--- WORK REQUEST ---
Set down the complete data exactly as it appears below.

--- DATA LISTING ---

*** Block opens ***

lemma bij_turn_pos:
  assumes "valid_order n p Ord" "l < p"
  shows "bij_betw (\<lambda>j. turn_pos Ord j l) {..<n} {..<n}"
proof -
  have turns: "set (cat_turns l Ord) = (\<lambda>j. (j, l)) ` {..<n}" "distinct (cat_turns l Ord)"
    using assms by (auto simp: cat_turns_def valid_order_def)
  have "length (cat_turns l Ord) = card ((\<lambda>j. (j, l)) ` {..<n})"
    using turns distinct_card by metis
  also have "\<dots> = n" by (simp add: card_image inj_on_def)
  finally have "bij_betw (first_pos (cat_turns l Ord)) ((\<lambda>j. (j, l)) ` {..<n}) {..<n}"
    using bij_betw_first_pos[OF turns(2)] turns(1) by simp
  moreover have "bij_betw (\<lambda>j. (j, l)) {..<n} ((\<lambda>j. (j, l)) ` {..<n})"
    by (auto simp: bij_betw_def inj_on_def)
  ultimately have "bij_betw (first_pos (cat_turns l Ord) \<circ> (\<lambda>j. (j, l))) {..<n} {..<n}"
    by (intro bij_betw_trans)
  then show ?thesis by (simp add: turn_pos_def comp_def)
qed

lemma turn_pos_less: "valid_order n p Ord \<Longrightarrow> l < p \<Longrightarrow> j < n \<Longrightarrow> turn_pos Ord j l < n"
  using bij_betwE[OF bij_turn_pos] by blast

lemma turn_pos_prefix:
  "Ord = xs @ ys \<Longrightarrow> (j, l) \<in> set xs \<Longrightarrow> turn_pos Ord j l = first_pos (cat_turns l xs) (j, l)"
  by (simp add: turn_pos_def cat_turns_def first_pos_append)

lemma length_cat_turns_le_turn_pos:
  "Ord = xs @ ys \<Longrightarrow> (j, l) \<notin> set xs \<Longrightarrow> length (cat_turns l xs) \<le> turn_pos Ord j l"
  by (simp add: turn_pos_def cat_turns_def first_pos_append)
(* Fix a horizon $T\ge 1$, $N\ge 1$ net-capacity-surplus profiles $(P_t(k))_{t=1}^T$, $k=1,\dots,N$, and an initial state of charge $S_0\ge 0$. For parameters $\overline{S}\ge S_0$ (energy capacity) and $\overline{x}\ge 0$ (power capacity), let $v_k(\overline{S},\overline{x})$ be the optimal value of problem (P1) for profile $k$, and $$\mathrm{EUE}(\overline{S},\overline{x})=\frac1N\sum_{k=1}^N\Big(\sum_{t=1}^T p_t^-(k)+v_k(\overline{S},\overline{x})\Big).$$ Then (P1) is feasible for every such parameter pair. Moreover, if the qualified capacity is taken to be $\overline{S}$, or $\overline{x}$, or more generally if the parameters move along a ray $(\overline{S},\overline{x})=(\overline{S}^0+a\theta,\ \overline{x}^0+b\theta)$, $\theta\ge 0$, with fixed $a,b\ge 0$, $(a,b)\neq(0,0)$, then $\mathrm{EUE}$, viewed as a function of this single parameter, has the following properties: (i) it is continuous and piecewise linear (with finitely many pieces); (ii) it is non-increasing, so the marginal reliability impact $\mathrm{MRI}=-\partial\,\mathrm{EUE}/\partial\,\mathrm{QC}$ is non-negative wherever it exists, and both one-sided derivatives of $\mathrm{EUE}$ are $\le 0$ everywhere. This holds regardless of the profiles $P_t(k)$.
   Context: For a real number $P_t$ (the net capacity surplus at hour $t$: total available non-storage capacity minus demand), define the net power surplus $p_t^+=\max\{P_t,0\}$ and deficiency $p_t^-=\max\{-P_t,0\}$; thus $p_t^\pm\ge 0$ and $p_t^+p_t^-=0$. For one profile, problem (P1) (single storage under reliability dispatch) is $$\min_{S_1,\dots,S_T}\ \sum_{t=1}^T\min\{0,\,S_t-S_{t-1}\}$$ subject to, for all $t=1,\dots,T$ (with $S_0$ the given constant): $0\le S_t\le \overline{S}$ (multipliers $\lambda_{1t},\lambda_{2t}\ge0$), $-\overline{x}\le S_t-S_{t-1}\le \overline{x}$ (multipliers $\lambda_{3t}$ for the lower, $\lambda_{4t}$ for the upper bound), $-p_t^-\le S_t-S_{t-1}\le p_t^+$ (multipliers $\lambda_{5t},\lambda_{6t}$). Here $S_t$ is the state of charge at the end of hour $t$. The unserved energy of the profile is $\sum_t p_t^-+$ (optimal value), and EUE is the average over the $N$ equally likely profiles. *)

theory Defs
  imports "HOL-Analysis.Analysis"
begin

*** Block closes ***

--- WRITTEN RESPONSE ---
lemma bij_turn_pos:
  assumes "valid_order n p Ord" "l < p"
  shows "bij_betw (\<lambda>j. turn_pos Ord j l) {..<n} {..<n}"
proof -
  have turns: "set (cat_turns l Ord) = (\<lambda>j. (j, l)) ` {..<n}" "distinct (cat_turns l Ord)"
    using assms by (auto simp: cat_turns_def valid_order_def)
  have "length (cat_turns l Ord) = card ((\<lambda>j. (j, l)) ` {..<n})"
    using turns distinct_card by metis
  also have "\<dots> = n" by (simp add: card_image inj_on_def)
  finally have "bij_betw (first_pos (cat_turns l Ord)) ((\<lambda>j. (j, l)) ` {..<n}) {..<n}"
    using bij_betw_first_pos[OF turns(2)] turns(1) by simp
  moreover have "bij_betw (\<lambda>j. (j, l)) {..<n} ((\<lambda>j. (j, l)) ` {..<n})"
    by (auto simp: bij_betw_def inj_on_def)
  ultimately have "bij_betw (first_pos (cat_turns l Ord) \<circ> (\<lambda>j. (j, l))) {..<n} {..<n}"
    by (intro bij_betw_trans)
  then show ?thesis by (simp add: turn_pos_def comp_def)
qed

lemma turn_pos_less: "valid_order n p Ord \<Longrightarrow> l < p \<Longrightarrow> j < n \<Longrightarrow> turn_pos Ord j l < n"
  using bij_betwE[OF bij_turn_pos] by blast

lemma turn_pos_prefix:
  "Ord = xs @ ys \<Longrightarrow> (j, l) \<in> set xs \<Longrightarrow> turn_pos Ord j l = first_pos (cat_turns l xs) (j, l)"
  by (simp add: turn_pos_def cat_turns_def first_pos_append)

lemma length_cat_turns_le_turn_pos:
  "Ord = xs @ ys \<Longrightarrow> (j, l) \<notin> set xs \<Longrightarrow> length (cat_turns l xs) \<le> turn_pos Ord j l"
  by (simp add: turn_pos_def cat_turns_def first_pos_append)
(* Fix a horizon $T\ge 1$, $N\ge 1$ net-capacity-surplus profiles $(P_t(k))_{t=1}^T$, $k=1,\dots,N$, and an initial state of charge $S_0\ge 0$. For parameters $\overline{S}\ge S_0$ (energy capacity) and $\overline{x}\ge 0$ (power capacity), let $v_k(\overline{S},\overline{x})$ be the optimal value of problem (P1) for profile $k$, and $$\mathrm{EUE}(\overline{S},\overline{x})=\frac1N\sum_{k=1}^N\Big(\sum_{t=1}^T p_t^-(k)+v_k(\overline{S},\overline{x})\Big).$$ Then (P1) is feasible for every such parameter pair. Moreover, if the qualified capacity is taken to be $\overline{S}$, or $\overline{x}$, or more generally if the parameters move along a ray $(\overline{S},\overline{x})=(\overline{S}^0+a\theta,\ \overline{x}^0+b\theta)$, $\theta\ge 0$, with fixed $a,b\ge 0$, $(a,b)\neq(0,0)$, then $\mathrm{EUE}$, viewed as a function of this single parameter, has the following properties: (i) it is continuous and piecewise linear (with finitely many pieces); (ii) it is non-increasing, so the marginal reliability impact $\mathrm{MRI}=-\partial\,\mathrm{EUE}/\partial\,\mathrm{QC}$ is non-negative wherever it exists, and both one-sided derivatives of $\mathrm{EUE}$ are $\le 0$ everywhere. This holds regardless of the profiles $P_t(k)$.
   Context: For a real number $P_t$ (the net capacity surplus at hour $t$: total available non-storage capacity minus demand), define the net power surplus $p_t^+=\max\{P_t,0\}$ and deficiency $p_t^-=\max\{-P_t,0\}$; thus $p_t^\pm\ge 0$ and $p_t^+p_t^-=0$. For one profile, problem (P1) (single storage under reliability dispatch) is $$\min_{S_1,\dots,S_T}\ \sum_{t=1}^T\min\{0,\,S_t-S_{t-1}\}$$ subject to, for all $t=1,\dots,T$ (with $S_0$ the given constant): $0\le S_t\le \overline{S}$ (multipliers $\lambda_{1t},\lambda_{2t}\ge0$), $-\overline{x}\le S_t-S_{t-1}\le \overline{x}$ (multipliers $\lambda_{3t}$ for the lower, $\lambda_{4t}$ for the upper bound), $-p_t^-\le S_t-S_{t-1}\le p_t^+$ (multipliers $\lambda_{5t},\lambda_{6t}$). Here $S_t$ is the state of charge at the end of hour $t$. The unserved energy of the profile is $\sum_t p_t^-+$ (optimal value), and EUE is the average over the $N$ equally likely profiles. *)

theory Defs
  imports "HOL-Analysis.Analysis"
begin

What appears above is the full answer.